Mutually exclusive mutation profiles define functionally related genes in muscle invasive bladder cancer

Abstract

Muscle Invasive bladder cancer is known to have an abundance of mutations, particularly in DNA damage response and chromatin modification genes. The role of these mutations in the development and progression of the disease is not well understood. However, a mutually exclusive mutation pattern between gene pairs could suggest gene mutations of significance. For example, a mutually exclusive mutation pattern could suggest an epistatic relationship where the outcome of a mutation in one gene would have the same outcome as a mutation in a different gene. The significance of a mutually exclusive relationship was determined by establishing a normal distribution of the conditional probabilities for having a mutation in one gene and not the other as well as the reverse relationship for each gene pairing. Then these distributions were used to determine the sigma-magnitude of standard deviation by which the observed value differed from the expected, a value that can also be interpreted as the 'p-value'. This approach led to the identification of mutually exclusive mutation patterns in KDM6A and KMT2D as well as KDM6A and RB1 that suggested the observed mutation pattern did not happen by chance. Upon further investigation of these genes and their interactions, a potential similar outcome was identified that supports the concept of epistasis. Knowledge of these mutational interactions provides a better understanding of the mechanisms underlying muscle invasive bladder cancer development, and may direct therapeutic development exploiting genotoxic chemotherapy and synthetic lethality in these pathways.

Fig 1. Pipeline for dataset generation.

Pathways show the data selection and trimming process through each of the Lest Conservative, Mid Conservative and Most Conservative approaches. The number of cases, genes and mutations (mut) in the data at each step of the refinement process are presented in square boxes.

Fig 2. Coefficients of variation (CV) for the cases of MIBC represented in the different mutation annotation file (MAF).

Fig 3

Visualization of the overlap in mutation calling between the four pipelines (Muse, Mutect2, SomaticSniper, Varscan2) mutation calling pipelines in four cases with high CV (a-d), and two cases with low CV. Sample details are: (A) TCGA-XF-A9SL-01A-11D-A391-08, CV = 1.3, 35 mean / 100 total mutation calls; (B) TCGA-K4-A83P-01A-11D-A34U-08, CV = 0.98, 125 mean /317 total mutation calls; (C) TCGA-XF-A9SI-01A-11D-A391-08, CV = 0.71, 215 mean / 450 total mutation calls; (D) TCGA-DK-A1AF-01A-11D-A13W-08, CV = 1.00, 45 mean / 120 total mutation calls; (E) TCGA-LT-A8JT-01A-11D-A364-08, CV = 0.026, 90 mean / 100 total mutation calls; (F) TCGA-DK-A6AW-01A-11D-A30E-08, CV = 0.020, 5000 mean / 5300 total mutation calls.

Fig 4. Representative differences in statistical significance of conditional probability for different gene pairs.

The red bar is the mean of the RGCP distribution, and the blue bar is the value observed in the CP matrix. (A) A relationship where there is no statistically significant difference between RGCP distribution and the observed value, between the KDM6A mutation and no mutation in EP300. (B) A statistically significant relationship, where RGCP distribution for having KDM6A mutation and no mutation in KMT2D is significantly different from the observed value. (C and D) A statistically significant, bidirectional relationship, where the presence of an RB1 mutation and absence of a KDM6A mutation, and the (opposite) absence of an RB1 mutation and presence of a KDM6A mutation are both observed at frequencies significantly different from the predicted RGCP distribution.

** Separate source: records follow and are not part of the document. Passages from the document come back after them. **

lemma even_card_cyclic_changes:
  fixes P :: "nat \<Rightarrow> bool"
  shows "even (card {i. i < n \<and> P i \<noteq> P (Suc i mod n)})"
proof -
  let ?b = "\<lambda>i. of_bool (P i) :: nat"
  let ?both = "\<Sum>i<n. of_bool (P i \<and> P (Suc i mod n)) :: nat"
  let ?changes = "card {i. i < n \<and> P i \<noteq> P (Suc i mod n)}"
  have "2 * (\<Sum>i<n. ?b i) = (\<Sum>i<n. ?b i + ?b (Suc i mod n))"
    by (simp only: sum.distrib sum_Suc_mod[of ?b] mult_2)
  also have "\<dots> = (\<Sum>i<n. 2 * of_bool (P i \<and> P (Suc i mod n)) + of_bool (P i \<noteq> P (Suc i mod n)))"
    by (intro sum.cong refl) auto
  also have "\<dots> = 2 * ?both + ?changes"
    by (simp add: sum.distrib sum_distrib_left[symmetric] lessThan_def Collect_conj_eq)
  finally have "even (2 * ?both + ?changes)"
    by (metis dvd_triv_left)
  then show ?thesis
    by simp
qed

lemma odd_card_cyclic_agreements:
  fixes P :: "nat \<Rightarrow> bool"
  assumes "odd n"
  shows "odd (card {i. i < n \<and> P i = P (Suc i mod n)})"
proof -
  have "n = card {i. i < n \<and> P i = P (Suc i mod n)} + card {i. i < n \<and> P i \<noteq> P (Suc i mod n)}"
    using card_filter_split[of "{..<n}" "\<lambda>i. P i = P (Suc i mod n)"] by (simp add: lessThan_def)
  then show ?thesis
    using even_card_cyclic_changes[of n P] assms by presburger
qed

lemma cyclic_change_exists:
  fixes P :: "nat \<Rightarrow> bool"
  assumes "i < n" "i' < n" "P i" "\<not> P i'"
  shows "\<exists>l<n. P l \<noteq> P (Suc l mod n)"
proof (rule ccontr)
  assume "\<not> ?thesis"
  then have step: "P l = P (Suc l mod n)" if "l < n" for l
    using that by blast
  have "P ((i + d) mod n)" for d
  proof (induction d)
    case (Suc d)
    then show ?case
      using step[of "(i + d) mod n"] \<open>i < n\<close> by (simp add: mod_Suc_eq)
  qed (use assms in simp)
  from this[of "n - i + i'"] assms show False by simp
qed

section \<open>Cycles and cuts\<close>

definition cycle_edge :: "'a list \<Rightarrow> nat \<Rightarrow> 'a set" where
  "cycle_edge cs i = {cs ! i, cs ! (Suc i mod length cs)}"

definition cycle_edges :: "'a list \<Rightarrow> 'a set set" where
  "cycle_edges cs = cycle_edge cs ` {..<length cs}"

definition cut_edges :: "'a set set \<Rightarrow> 'a set \<Rightarrow> 'a set set" where
  "cut_edges F X = {e \<in> F. card (e \<inter> X) = 1}"

lemma card_doubleton_Int_eq_1:
  "u \<noteq> v \<Longrightarrow> card ({u, v} \<inter> X) = 1 \<longleftrightarrow> (u \<in> X) \<noteq> (v \<in> X)"
  by (cases "u \<in> X"; cases "v \<in> X") auto

lemma cycle_edge_subset: "e \<in> cycle_edges cs \<Longrightarrow> e \<subseteq> set cs"
  unfolding cycle_edges_def cycle_edge_def by auto

lemma cycle_edges_subset: "is_cycle E cs \<Longrightarrow> cycle_edges cs \<subseteq> E"
  unfolding cycle_edges_def cycle_edge_def is_cycle_def by auto

lemma is_cycle_set_subset:
  assumes "is_cycle E cs" "\<forall>e\<in>E. e \<subseteq> V"
  shows "set cs \<subseteq> V"
proof
  fix v assume "v \<in> set cs"
  then obtain i where "i < length cs" "v = cs ! i"
    by (auto simp: in_set_conv_nth)
  then show "v \<in> V"
    using assms unfolding is_cycle_def by blast
qed

context
  fixes cs :: "'a list"
  assumes distinct: "distinct cs" and length: "length cs \<ge> 3"
begin

lemma cycle_edge_neq: "i < length cs \<Longrightarrow> cs ! i \<noteq> cs ! (Suc i mod length cs)"
  using Suc_mod_neq[of i "length cs"] length by (simp add: nth_eq_iff_index_eq[OF distinct])

lemma inj_on_cycle_edge: "inj_on (cycle_edge cs) {..<length cs}"
proof (rule inj_onI)
  fix i j assume i: "i \<in> {..<length cs}" and j: "j \<in> {..<length cs}"
    and eq: "cycle_edge cs i = cycle_edge cs j"
  show "i = j"
  proof (rule ccontr)
    assume "i \<noteq> j"
    with eq i j have "Suc j mod length cs = i" "Suc i mod length cs = j"
      using length by (auto simp: cycle_edge_def doubleton_eq_iff nth_eq_iff_index_eq[OF distinct])
    with i j length show False
      by (auto simp: Suc_mod_eq_iff split: if_splits)
  qed
qed

lemma card_cycle_edges: "card (cycle_edges cs) = length cs"
  unfolding cycle_edges_def using inj_on_cycle_edge by (simp add: card_image)

lemma card_cycle_edge: "e \<in> cycle_edges cs \<Longrightarrow> card e = 2"
  unfolding cycle_edges_def cycle_edge_def using cycle_edge_neq by auto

Fig 5. Summary of mutually exclusive relationships identified in the study.

Lines between the identified genes indicate which data subset(s) the relationships were identified in, as well as the statistical strength of the observations. DDR genes are indicated by square frames, CM genes by oval frames, and genes overlapping both processes in rectangular frames with round corners. Interactions are shown for: Least High and Moderate Impact Mutations (red lines), Least High Mutations only (blue lines), Mid High and Moderate Impact Mutations (black lines), and Most High and Moderate Mutations (green lines). Statistical significance indifferences between RGCP and mean observed values is presented as: Sigma > 2.7 (double line), Sigma >2 (single solid line), Sigma >1.5 (dashed line).